------ DATASET ------

(* Let $S$ be a poset-type and let $S'\subseteq L(S)$. Then $\tau(\overline{S'})=\overline{\tau(S')}$, and this set is a poset-type.
   Context: Words: $\Sigma=\{\mathrm L,\mathrm X,\mathrm R\}$ ordered $\mathrm L<_{\mathrm{lex}}\mathrm X<_{\mathrm{lex}}\mathrm R$; $\Sigma^*$ is the set of finite words over $\Sigma$ (characters indexed from $0$), $\le_{\mathrm{lex}}$ the lexicographic order, $|w|$ the length. For $w,w'\in\Sigma^*$: $w\prec w'$ iff there is $i<\min(|w|,|w'|)$ with $(w_i,w'_i)=(\mathrm L,\mathrm R)$ and $w_j\le_{\mathrm{lex}}w'_j$ for all $j<i$; $w\preceq w'$ iff $w\prec w'$ or $w=w'$. $w\perp w'$ iff there are $i,j<\min(|w|,|w'|)$ with $w_i<_{\mathrm{lex}}w'_i$ and $w'_j<_{\mathrm{lex}}w_j$. Words $w,w'$ are related if $w\preceq w'$, $w'\preceq w$ or $w\perp w'$; otherwise unrelated. Words $u\le_{\mathrm{lex}}v$ are compatible if there is no $i<\min(|u|,|v|)$ with $(u_i,v_i)=(\mathrm R,\mathrm L)$, and, if there exists $j<\min(|u|,|v|)$ with $(u_j,v_j)=(\mathrm L,\mathrm R)$, then $u\prec v$ and $u\not\perp v$. $w|_i$ is the initial segment of length $i$; for $S\subseteq\Sigma^*$, $\overline S=\{w|_i: w\in S,0\le i\le|w|\}$; $S_i=\{w\in S:|w|=i\}$; $L(S)$ is the set of leaves of $S$ (words in $S$ with no proper extension in $S$); $w^\frown c$ is $w$ with $c$ appended, $S^\frown c=\{w^\frown c:w\in S\}$. Poset-type: $S\subseteq\Sigma^*$ with $S=\overline S$ such that for every $i$ with $0\le i<\max_{w\in S}|w|$ exactly one of the following holds: 1. (Leaf) there is $w\in S_i$ related to every $u\in S_i\setminus\{w\}$ and $S_{i+1}=(S_i\setminus\{w\})^\frown\mathrm X$. 2. (Branching) there is $w\in S_i$ with $S_{i+1}=\{z\in S_i:z<_{\mathrm{lex}}w\}^\frown\mathrm X\cup\{w^\frown\mathrm X,w^\frown\mathrm R\}\cup\{z\in S_i:w<_{\mathrm{lex}}z\}^\frown\mathrm R$. 3. (New $\perp$) there are unrelated $v<_{\mathrm{lex}}w$ in $S_i$ with $S_{i+1}=\{z\in S_i:z<_{\mathrm{lex}}v\}^\frown\mathrm X\cup\{v^\frown\mathrm R\}\cup\{z\in S_i:v<_{\mathrm{lex}}z<_{\mathrm{lex}}w,\ z\perp v\}^\frown\mathrm X\cup\{z\in S_i:v<_{\mathrm{lex}}z<_{\mathrm{lex}}w,\ z\not\perp v\}^\frown\mathrm R\cup\{w^\frown\mathrm X\}\cup\{z\in S_i:w<_{\mathrm{lex}}z\}^\frown\mathrm R$, and (A) for every $u\in S_i$ with $v<_{\mathrm{lex}}u<_{\mathrm{lex}}w$, $u\perp v$ or $u\perp w$. 4. (New $\preceq$) there are unrelated $v<_{\mathrm{lex}}w$ in $S_i$ with $S_{i+1}=\{z\in S_i:z<_{\mathrm{lex}}v,\ z\perp v\}^\frown\mathrm X\cup\{z\in S_i:z<_{\mathrm{lex}}v,\ z\not\perp v\}^\frown\mathrm L\cup\{v^\frown\mathrm L\}\cup\{z\in S_i:v<_{\mathrm{lex}}z<_{\mathrm{lex}}w\}^\frown\mathrm X\cup\{w^\frown\mathrm R\}\cup\{z\in S_i:w<_{\mathrm{lex}}z,\ w\perp z\}^\frown\mathrm X\cup\{z\in S_i:w<_{\mathrm{lex}}z,\ w\not\perp z\}^\frown\mathrm R$, and (B1) for every $u\in S_i$ with $u<_{\mathrm{lex}}v$, $u\preceq w$ or $u\perp v$; (B2) for every $u\in S_i$ with $w<_{\mathrm{lex}}u$, $v\preceq u$ or $w\perp u$. Embedding type: for $S\subseteq\Sigma^*$, a level $i$ of $\overline S$ is interesting if the structure $(\overline S_i,\le_{\mathrm{lex}},\preceq,\perp)$ is not isomorphic to $(\overline S_{i+1},\le_{\mathrm{lex}},\preceq,\perp)$, or there exist incompatible $u,v\in\overline S_{i+1}$ such that $u|_i$ and $v|_i$ are compatible. $I(S)$ is the set of interesting levels. $\tau_S\colon\overline S\to\Sigma^*$ maps a word $w$ to the word obtained from $w$ by deleting all characters whose indices are not in $I(S)$, and $\tau(S)=\tau_S[S]$. *)

theory Defs
  imports Main
begin
(* Let $(\|\cdot\|,\mathcal{P})$ be a sparsity structure on $\mathcal{E}$, let $B:\mathcal{X}\to\mathcal{E}$ be linear, and let $A:\mathcal{X}\to\mathbb{R}^n$ be linear. For $P\in\mathcal{P}$ define $$\mathcal{C}_P=\bigcup_{x\in\mathcal{X}:\ PBx=Bx}\mathcal{T}(x),\qquad \mathcal{D}_P=\{z\in\mathcal{X}:\ \|\bar P Bz\|\le\|PBz\|\}.$$ Then $\mathcal{C}_P\subseteq\mathcal{D}_P$ for every $P\in\mathcal{P}$. Consequently, for every $k\ge 0$, $\mu_k(A)\ge\sigma_k(A)$, where $$\mu_k(A)=\inf_{\substack{P\in\mathcal{P}_k,\ x\in\mathcal{X}\\ PBx=Bx}}\ \inf_{z\in\mathcal{T}(x),\,z\ne 0}\frac{\|Az\|_2}{\|z\|_2},\qquad \sigma_k(A)=\inf_{\substack{P\in\mathcal{P}_k,\ z\in\mathcal{X},\ z\neq 0\\ \|\bar PBz\|\le\|PBz\|}}\frac{\|Az\|_2}{\|z\|_2}.$$
   Context: Sparsity structure: let $\mathcal{X},\mathcal{E}$ be finite-dimensional Euclidean spaces and $B:\mathcal{X}\to\mathcal{E}$ a linear map. A sparsity structure on $\mathcal{E}$ is a norm $\|\cdot\|$ on $\mathcal{E}$, with dual norm $\|\cdot\|_*$, together with a family $\mathcal{P}$ of linear maps $\mathcal{E}\to\mathcal{E}$ such that: (i) every $P\in\mathcal{P}$ is a projector, $P^2=P$; (ii) every $P\in\mathcal{P}$ is assigned a weight $\nu(P)\ge 0$ and a linear map $\bar P:\mathcal{E}\to\mathcal{E}$ with $P\bar P=0$; (iii) for every $P\in\mathcal{P}$ and all $f,g\in\mathcal{E}$, $\|P^*f+\bar P^*g\|_*\le\max(\|f\|_*,\|g\|_* )$, where $P^*$ and $\bar P^*$ denote adjoints. For $k\ge 0$, $\mathcal{P}_k=\{P\in\mathcal{P}:\nu(P)\le k\}$. Tangent cone: for $x\in\mathcal{X}$, $\mathcal{T}(x)=\{\lambda z:\ \lambda\ge 0,\ z\in\mathcal{X},\ \|Bx+Bz\|\le\|Bx\|\}$. $\|\cdot\|_2$ is the Euclidean norm. *)

theory Defs
  imports "HOL-Analysis.Analysis"
begin

definition is_norm :: "('e::real_vector \<Rightarrow> real) \<Rightarrow> bool" where
  "is_norm N \<longleftrightarrow> (\<forall>x y. N (x + y) \<le> N x + N y) \<and> (\<forall>c x. N (c *\<^sub>R x) = \<bar>c\<bar> * N x)
     \<and> (\<forall>x. N x = 0 \<longleftrightarrow> x = 0)"

definition dual_norm :: "('e::real_inner \<Rightarrow> real) \<Rightarrow> 'e \<Rightarrow> real" where
  "dual_norm N f = Sup {f \<bullet> e | e. N e \<le> 1}"

definition sparsity_structure ::
  "('e::euclidean_space \<Rightarrow> real) \<Rightarrow> ('e \<Rightarrow> 'e) set \<Rightarrow> (('e \<Rightarrow> 'e) \<Rightarrow> real)
     \<Rightarrow> (('e \<Rightarrow> 'e) \<Rightarrow> ('e \<Rightarrow> 'e)) \<Rightarrow> bool" where
  "sparsity_structure N PP nu Pbar \<longleftrightarrow> is_norm N \<and>
     (\<forall>P\<in>PP. linear P \<and> P \<circ> P = P \<and> nu P \<ge> 0 \<and> linear (Pbar P) \<and> P \<circ> Pbar P = (\<lambda>_. 0) \<and>
        (\<forall>f g. dual_norm N (adjoint P f + adjoint (Pbar P) g) \<le> max (dual_norm N f) (dual_norm N g)))"

definition PP_k :: "('e \<Rightarrow> 'e) set \<Rightarrow> (('e \<Rightarrow> 'e) \<Rightarrow> real) \<Rightarrow> real \<Rightarrow> ('e \<Rightarrow> 'e) set" where
  "PP_k PP nu k = {P \<in> PP. nu P \<le> k}"

definition tangent_cone ::
  "('e::real_vector \<Rightarrow> real) \<Rightarrow> ('x::real_vector \<Rightarrow> 'e) \<Rightarrow> 'x \<Rightarrow> 'x set" where
  "tangent_cone N B x = {l *\<^sub>R z | l z. l \<ge> 0 \<and> N (B x + B z) \<le> N (B x)}"

definition C_set ::
  "('e::real_vector \<Rightarrow> real) \<Rightarrow> ('x::real_vector \<Rightarrow> 'e) \<Rightarrow> ('e \<Rightarrow> 'e) \<Rightarrow> 'x set" where
  "C_set N B P = (\<Union>x\<in>{x. P (B x) = B x}. tangent_cone N B x)"

definition D_set ::
  "('e::real_vector \<Rightarrow> real) \<Rightarrow> ('x::real_vector \<Rightarrow> 'e) \<Rightarrow> ('e \<Rightarrow> 'e) \<Rightarrow> ('e \<Rightarrow> 'e) \<Rightarrow> 'x set" where
  "D_set N B P Pb = {z. N (Pb (B z)) \<le> N (P (B z))}"

text \<open>Infima taken in the extended reals (infimum of the empty set is \<open>\<infinity>\<close>).\<close>
definition mu_k ::
  "('e::real_vector \<Rightarrow> real) \<Rightarrow> ('e \<Rightarrow> 'e) set \<Rightarrow> (('e \<Rightarrow> 'e) \<Rightarrow> real)
   \<Rightarrow> ('x::real_normed_vector \<Rightarrow> 'e) \<Rightarrow> ('x \<Rightarrow> 'm::real_normed_vector) \<Rightarrow> real \<Rightarrow> ereal" where
  "mu_k N PP nu B A k = (INF (P, x) \<in> {(P, x). P \<in> PP_k PP nu k \<and> P (B x) = B x}.
      INF z \<in> tangent_cone N B x - {0}. ereal (norm (A z) / norm z))"

definition sigma_k ::
  "('e::real_vector \<Rightarrow> real) \<Rightarrow> ('e \<Rightarrow> 'e) set \<Rightarrow> (('e \<Rightarrow> 'e) \<Rightarrow> real) \<Rightarrow> (('e \<Rightarrow> 'e) \<Rightarrow> ('e \<Rightarrow> 'e))
   \<Rightarrow> ('x::real_normed_vector \<Rightarrow> 'e) \<Rightarrow> ('x \<Rightarrow> 'm::real_normed_vector) \<Rightarrow> real \<Rightarrow> ereal" where
  "sigma_k N PP nu Pbar B A k = (INF (P, z) \<in> {(P, z). P \<in> PP_k PP nu k \<and> z \<noteq> 0 \<and>
      N (Pbar P (B z)) \<le> N (P (B z))}. ereal (norm (A z) / norm z))"

end

theory Submission
  imports Defs
begin

text \<open>
  Every \<open>P \<in> PP\<close> splits the norm: \<open>N (P u) + N (Pbar P u) \<le> N u\<close>. Indeed, if \<open>f\<close>
  and \<open>g\<close> are norming functionals of \<open>P u\<close> and \<open>Pbar P u\<close> (they exist by separating
  the unit ball of \<open>N\<close> from a point of its boundary), then by axiom (iii)
  \<open>adjoint P f + adjoint (Pbar P) g\<close> has dual norm at most 1, and evaluating it at \<open>u\<close>
  gives the split. For \<open>u = B x\<close> with \<open>P (B x) = B x\<close> the split forces \<open>Pbar P (B x) = 0\<close>;
  for \<open>u = B x + B z\<close> with \<open>z\<close> in the tangent cone at \<open>x\<close> it gives
  \<open>N (B x) \<ge> N (B x + P (B z)) + N (Pbar P (B z)) \<ge> N (B x) - N (P (B z)) + N (Pbar P (B z))\<close>,
  so \<open>z \<in> D_set\<close>. Hence \<open>mu_k\<close> is an infimum over a subset of the index set of \<open>sigma_k\<close>.
\<close>

lemma is_norm_triangle: "is_norm N \<Longrightarrow> N (x + y) \<le> N x + N y"
  unfolding is_norm_def by blast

------

Looking at the entries above, say how many lines hold the word "forall". Offer no other text.

● **RESPONSE**:
4